On one of her solitary walks, Sophie happens upon a courtyard that was supposedly home to the famous balcony scene in “Romeo and Juliet.” She discovers a note written fifty years ago to the mythical Juliet tucked into a crevice in the wall. She also bumps into a group of women, Juliet’s Secretaries, who make it their mission to answer the many letters left at the wall every day. Sophie writes a response to the letter and a few days later the grandson of Claire (Vanessa Redgreave), woman who wrote it, barges into the office of Juliet’s Secretaries outraged that someone had gotten grandma all in a tizzy about some long lost love.
But wait yet again if you will. As Sophie, Claire and her grandson, Charlie (Christopher Egan) set off to find Claire’s lost love Lorenzo are those romantic sparks fueling the constant bickering between Sophie and the chronically irritated Charlie?
We’re going to find out, but only if we can stay awake. After constructing this Byzantine set up, the collective creative inspiration of director Gary Winick and his writers, Jose Rivera and Tim Sullivan, collapses in a heap.
What should be an entertaining romp as Claire tracks down one wrong Lorenzo after another, as her young companions bring their romantic chemistry to a repressed simmer, is derailed by the most formulaic writing and directing this side of the Lifetime Channel. This is a film that relies heavily on pretty shots of the Italian countryside and perky pop tunes to keep our attention focused on the screen. If you stop the count the missed comedic opportunities in that long parade of false Lorezos you might actually be lulled into falling asleep.
What saves “Letters to Juliet” from becoming a truly forgettable experience are the two remarkable actresses at its center. Vanessa Redgrave may be the most unsettling screen presence of a generation. Her piercing blue eyes radiate an unlikely combination of serenity and hunger. When she fixes that stare on a costar, the silliest dialogue seems to have its source deep in the soul. It’s easy to believe in Claire, even at this late stage in life, as somebody’s lover.
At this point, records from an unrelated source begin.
(* Let $\delta,\alpha\geq0$, $\theta\in[0,\alpha]$, $\sigma\in\mathbb{R}$, $\varepsilon\in(0,1)$, and let $E_1(t,\xi)=\frac12|\xi|^{2\delta+\sigma}|\widehat{v}_t(t,\xi)|^2+\frac12|\xi|^{2\alpha+\sigma}|\widehat{v}(t,\xi)|^2$. (i) If $(v_0,v_1)\in H^{\alpha+\frac\sigma2}(\mathbb{R}^n)\times H^{\delta+\frac\sigma2}(\mathbb{R}^n)$ and $\delta\leq\theta\leq\alpha$, then there is a constant $c>0$ such that $$\int_{|\xi|\geq\varepsilon}E_1(t,\xi)\,d\xi\lesssim\left\{\|v_1\|^2_{H^{\delta+\frac\sigma2}}+\|v_0\|^2_{H^{\alpha+\frac\sigma2}}\right\}e^{-ct},\quad\forall t\geq0.$$ (ii) If $(v_0,v_1)\in H^s(\mathbb{R}^n)\times H^r(\mathbb{R}^n)$, $\beta>0$ and $\theta<\delta$, with $s=\alpha+\frac{\delta-\theta}{\beta}+\frac\sigma2$ and $r=\delta+\frac{\delta-\theta}{\beta}+\frac\sigma2$, then there is $C=C(\beta)>0$ such that $$\int_{|\xi|\geq\varepsilon}E_1(t,\xi)\,d\xi\leq C\left\{\|v_1\|^2_{H^r}+\|v_0\|^2_{H^s}\right\}(1+t)^{-\frac1\beta},\quad\forall t\geq0.$$
   Context: $\widehat{v}(t,\xi)$ is the solution of $(1+|\xi|^{2\delta})\widehat{v}_{tt}+|\xi|^{2\theta}\widehat{v}_t+|\xi|^{2\alpha}\widehat{v}=0$, $\widehat{v}(0)=\widehat{v}_0$, $\widehat{v}_t(0)=\widehat{v}_1$, the Fourier transform in $x$ of the solution of $v_{tt}+(-\Delta)^\delta v_{tt}+(-\Delta)^\alpha v+(-\Delta)^\theta v_t=0$, $v(0)=v_0$, $v_t(0)=v_1$. $\lesssim$ means $\leq C\cdot$ with $C$ independent of $t$ and data. *)

theory Defs
  imports "HOL-Analysis.Analysis"
begin

text \<open>Everything is stated on the Fourier side.  A tempered distribution u lies in
  H^s(R^n) iff its Fourier transform is a measurable function f with
  \<integral> (1+|xi|^2)^s |f(xi)|^2 dxi < \<infinity>; this integral is the squared H^s norm.\<close>

definition sob_norm2 :: "real \<Rightarrow> (real^'n \<Rightarrow> complex) \<Rightarrow> ennreal" where
  "sob_norm2 s f = (\<integral>\<^sup>+ \<xi>. ennreal ((1 + (norm \<xi>)\<^sup>2) powr s * (cmod (f \<xi>))\<^sup>2) \<partial>lborel)"
lemma fd2_nonpos:
  assumes "0 \<le> r"
  shows "fd2 \<kappa> r \<le> 0"
proof -
  have "0 \<le> h r * fd1 \<kappa> r"
    using h_nonneg fd1_nonneg assms by simp
  moreover have "phi \<kappa> r * gfun' r \<le> 0"
    using phi_pos[of r] gfun'_nonpos[OF assms] by (simp add: mult_nonneg_nonpos)
  ultimately show ?thesis
    using fd2_eq[OF assms] by simp
qed

lemma ffun_le_Phi:
  assumes "0 \<le> r"
  shows "ffun \<kappa> r \<le> Phi \<kappa> r"
  unfolding ffun_def Phi_def using assms
  by (intro integral_le integrable_on_of_continuous_on_atLeast[OF phi_gfun_continuous_on]
      integrable_on_of_continuous_on_atLeast[OF phi_continuous_on])
    (auto intro: mult_left_le[OF gfun_bounds(2)] less_imp_le[OF phi_pos])

lemma ffun_ge:
  assumes "0 \<le> r"
  shows "r * (phi0 \<kappa> / 4) \<le> ffun \<kappa> r"
proof -
  have "phi0 \<kappa> * (1/4) \<le> phi \<kappa> s * gfun \<kappa> s" if "0 \<le> s" for s
    using phi_pos[of s] that by (intro mult_mono phi0_le_phi gfun_bounds(1)) auto
  then have "integral {0..r} (\<lambda>_. phi0 \<kappa> / 4) \<le> ffun \<kappa> r"
    unfolding ffun_def using assms
    by (intro integral_le integrable_on_of_continuous_on_atLeast[OF phi_gfun_continuous_on]) auto
  then show ?thesis
    using assms by simp
qed

subsection \<open>The one-dimensional generator bound\<close>

definition sup_h :: "real \<Rightarrow> real" where
  "sup_h \<delta> = Sup (h ` {0<..<\<delta>})"

lemma mdelta_eq: "mdelta \<kappa> \<sigma> \<delta> = \<sigma>\<^sup>2 * ((1/2) * sup_h \<delta> + c0 \<kappa> * \<delta>)"
  by (simp add: mdelta_def sup_h_def h_def[abs_def] algebra_simps)

lemma bdd_above_h: "bdd_above (h ` {0<..<\<delta>})"
proof -
  obtain M where M: "0 \<le> M" "\<And>s. 0 < s \<Longrightarrow> negpart (\<kappa> s) \<le> M"
    using negpart_kappa_bounded by blast
  have "h s \<le> \<delta> * M" if "s \<in> {0<..<\<delta>}" for s
    using that M(2)[of s] negpart_nonneg[of "\<kappa> s"] by (auto simp: h_def intro!: mult_mono)
  then show ?thesis
    by (intro bdd_aboveI2) blast
qed

lemma sup_h_nonneg:
  assumes "0 < \<delta>"
  shows "0 \<le> sup_h \<delta>"
proof -
  have "h (\<delta>/2) \<le> sup_h \<delta>"
    unfolding sup_h_def using assms by (intro cSup_upper bdd_above_h) auto
  moreover have "0 \<le> h (\<delta>/2)"
    using assms by (intro h_nonneg) simp
  ultimately show ?thesis
    by linarith
qed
Amanda Seyfried is no slouch as an actress. With her Angelina Jolie eyes, she commands the screen even when sharing it with Redgrave. In fact, the best chemistry in “Letters to Juliet” bubbles up between the two. Bernal and Egan as Sophie’s love interests hardly seem worth the trouble, but Seyfried wins you over to Sophie’s side and seduces you into wanting good things for her.
While “Letters to Juliet” wants to captivate us with the questions of whether, and with whom, Claire and Sophie find love it’s the acting that grabs your attention. The clichéd script is like an obstacle course and the real entertainment is watching these two exceptional actresses create compelling performances with virtually nothing to work with.